Das Projekt Rosarno besteht aus einem mobilen Info-Schalter, der bereits im September seine Arbeit aufgenommen hat. Mediterranean Hope hat dafür zwei junge Männer angestellt, einen Italiener und einen Afrikaner mit gültiger Aufenthaltserlaubnis. Sie leisten den Landarbeitern Rechtshilfe, psychologischen und medizinischen Beistand. Wie sich bereits im ersten Monat zeigte, ist eines der größten Probleme, die Tatsache, dass die Landarbeiter keinen Wohnsitz anmelden können, da das Sicherheits-Dekret der Lega – Cinque Stelle Regierung Italiens die Möglichkeit des “konventionierten” Wohnsitzes abgeschafft hat. Ohne gültigen Wohnsitz kann aber die Aufenthaltsgenehmigung nicht verlängert werden, es kann kein regulärer Arbeitsvertrag ausgestellt werden und die Arbeiter haben keine Krankenversicherung. Die Fremdarbeiter sind daher gezwungen unter menschenunwürdigen Bedingungen in provisorischen Lagern zu leben, die mehr und mehr einem Ghetto gleichen.
Eines der von den Tagungsteilnehmern besuchten Lagern verfügt dank der großzügigen Holz-Spende eines österreichischen Bürgers und dank freiwilligen Helfern aus dem Trentino über eine Art Blockhaus, das u. a. als Schule genutzt wird. Zweimal in der Woche erhalten die Arbeiter von Freiwilligen der Vereinigung „SOS Rosarno“ dort Italienisch-Unterricht. SOS Rosarno setzt sich zudem zusammen mit einigen Produzenten aus Rosarno, die für gerechte Arbeitsbedingungen eintreten, für den Aufbau einer Produktionskette nach dem Prinzip des „Fairen Handels“ ein. Daniela Barbuscia: „Auch das Blockhaus hat keinen Stromanschluss, man könnte Solarzellen auf dem Dach anbringen und es fehlt an didaktischem Material. Ich könnte mir gut vorstellen, dass wir als Kirche hier ein diakonisches Projekt aufbauen.“
Die prekären Lebensumstände und unmenschlichen Arbeitsbedingungen der Arbeiter in den Obstplantagen haben bereits Menschenleben gefordert. Daniela Barbuscia: „Allerdings muss man anerkennen, dass sich die Lage seit 2010, als es zu einem Aufstand der Arbeitskräfte kam, nachdem zwei Arbeiter nach einer regelrechten “Jagd auf den schwarzen Mann” mit Gewehrschüssen verletzt worden waren, doch etwas gebessert hat. Den Fremden wird mit mehr Toleranz begegnet und das Phänomen der Schwarzarbeit wird immer mehr wahrgenommen … ebenso wie die Tatsache, dass es ohne diese Menschen keine Arbeitskräfte für die Arbeit in den Plantagen gäbe”.

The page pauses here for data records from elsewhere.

(* For every slat-doctrine $P:\mathcal{C}^{\mathrm{op}}\to\mathbf{Pos}$, its universal completion $P^{un}$ is a universal slat-doctrine.
   Context: A slat-doctrine is a functor $P:\mathcal{C}^{\mathrm{op}}\to\mathbf{Pos}$ with $\mathcal{C}$ having finite products; $P_f:P(Y)\to P(X)$ is reindexing along $f:X\to Y$. It is universal if for all $A_1,A_2$ and $i=1,2$ the map $P_{\mathrm{pr}_i}:P(A_i)\to P(A_1\times A_2)$ has a right adjoint $\forall_{\mathrm{pr}_i}$ and these satisfy Beck–Chevalley: for every pullback of a projection $\mathrm{pr}:X\to A$ along $f:A'\to A$, with resulting projection $\mathrm{pr}':X'\to A'$ and $f':X'\to X$, $\forall_{\mathrm{pr}'}P_{f'}=P_f\forall_{\mathrm{pr}}$. Universal completion: $P^{un}(A)$ is the poset (reflection of the preorder) of triples $(A,B,\alpha)$ with $B$ an object of $\mathcal{C}$ and $\alpha\in P(A\times B)$, where $(A,B,\alpha)\le(A,C,\beta)$ iff there is an arrow $g:A\times C\to B$ with $P_{\langle\mathrm{pr}_A,g\rangle}(\alpha)\le\beta$; for $f:A\to C$, $P^{un}_f(C,D,\gamma)=(A,D,P_{f\times 1_D}(\gamma))$. *)

theory Defs
  imports Main
begin

record ('o,'a) fpcat =
  Ob  :: "'o set"
  Ar  :: "'a set"
  cdom :: "'a \<Rightarrow> 'o"
  ccod :: "'a \<Rightarrow> 'o"
  cmp :: "'a \<Rightarrow> 'a \<Rightarrow> 'a"   (* cmp g f = g \<circ> f *)
  cid :: "'o \<Rightarrow> 'a"
  prd :: "'o \<Rightarrow> 'o \<Rightarrow> 'o"
  pj1 :: "'o \<Rightarrow> 'o \<Rightarrow> 'a"
  pj2 :: "'o \<Rightarrow> 'o \<Rightarrow> 'a"
  tup :: "'a \<Rightarrow> 'a \<Rightarrow> 'a"
  trm :: "'o"
  bang :: "'o \<Rightarrow> 'a"

definition hom :: "('o,'a,'m) fpcat_scheme \<Rightarrow> 'o \<Rightarrow> 'o \<Rightarrow> 'a set" where
  "hom C X Y = {f \<in> Ar C. cdom C f = X \<and> ccod C f = Y}"

definition category :: "('o,'a,'m) fpcat_scheme \<Rightarrow> bool" where
  "category C \<longleftrightarrow>
     (\<forall>f\<in>Ar C. cdom C f \<in> Ob C \<and> ccod C f \<in> Ob C) \<and>
     (\<forall>A\<in>Ob C. cid C A \<in> hom C A A) \<and>
     (\<forall>f\<in>Ar C. \<forall>g\<in>Ar C. ccod C f = cdom C g \<longrightarrow>
        cmp C g f \<in> hom C (cdom C f) (ccod C g)) \<and>
     (\<forall>f\<in>Ar C. cmp C f (cid C (cdom C f)) = f \<and> cmp C (cid C (ccod C f)) f = f) \<and>
     (\<forall>f\<in>Ar C. \<forall>g\<in>Ar C. \<forall>h\<in>Ar C. ccod C f = cdom C g \<longrightarrow> ccod C g = cdom C h \<longrightarrow>
        cmp C h (cmp C g f) = cmp C (cmp C h g) f)"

Die Föderation der Evangelischen Kirchen in Italien, die das Projekt Mediterranean Hope ins Leben gerufen hat, scheint fest entschlossen, ihr Engagement in Kalabrien noch zu verstärken. Es wird über die Schaffung einer eigenen Marke im Rahmen des „Fairen Handels“ unter dem Namen „Etica“ nachgedacht, um unter diesem Namen Produkte wie Orangen und Mandarinen unter gerechten Arbeitsbedingungen herzustellen und auf dem nationalen Markt abzusetzen. Im Anschluss an den Besuch der beiden Camps, waren die Tagungsteilnehmer zu einem Austausch mit den beiden Bürgermeistern der kalabresischen Gemeinden Rosarno und San Ferdinando eingeladen, die ebenfalls bestrebt sind, sich für die Interessen dieser Menschen einzusetzen und zugesagt haben, die Tätigkeit der Hilfsorganisationen unterstützen zu wollen, um auf privatem Weg dort einzugreifen, wo der Staat nicht in der Lage ist, in ausreichendem Maße gesetzlichen Schutz zu gewähren.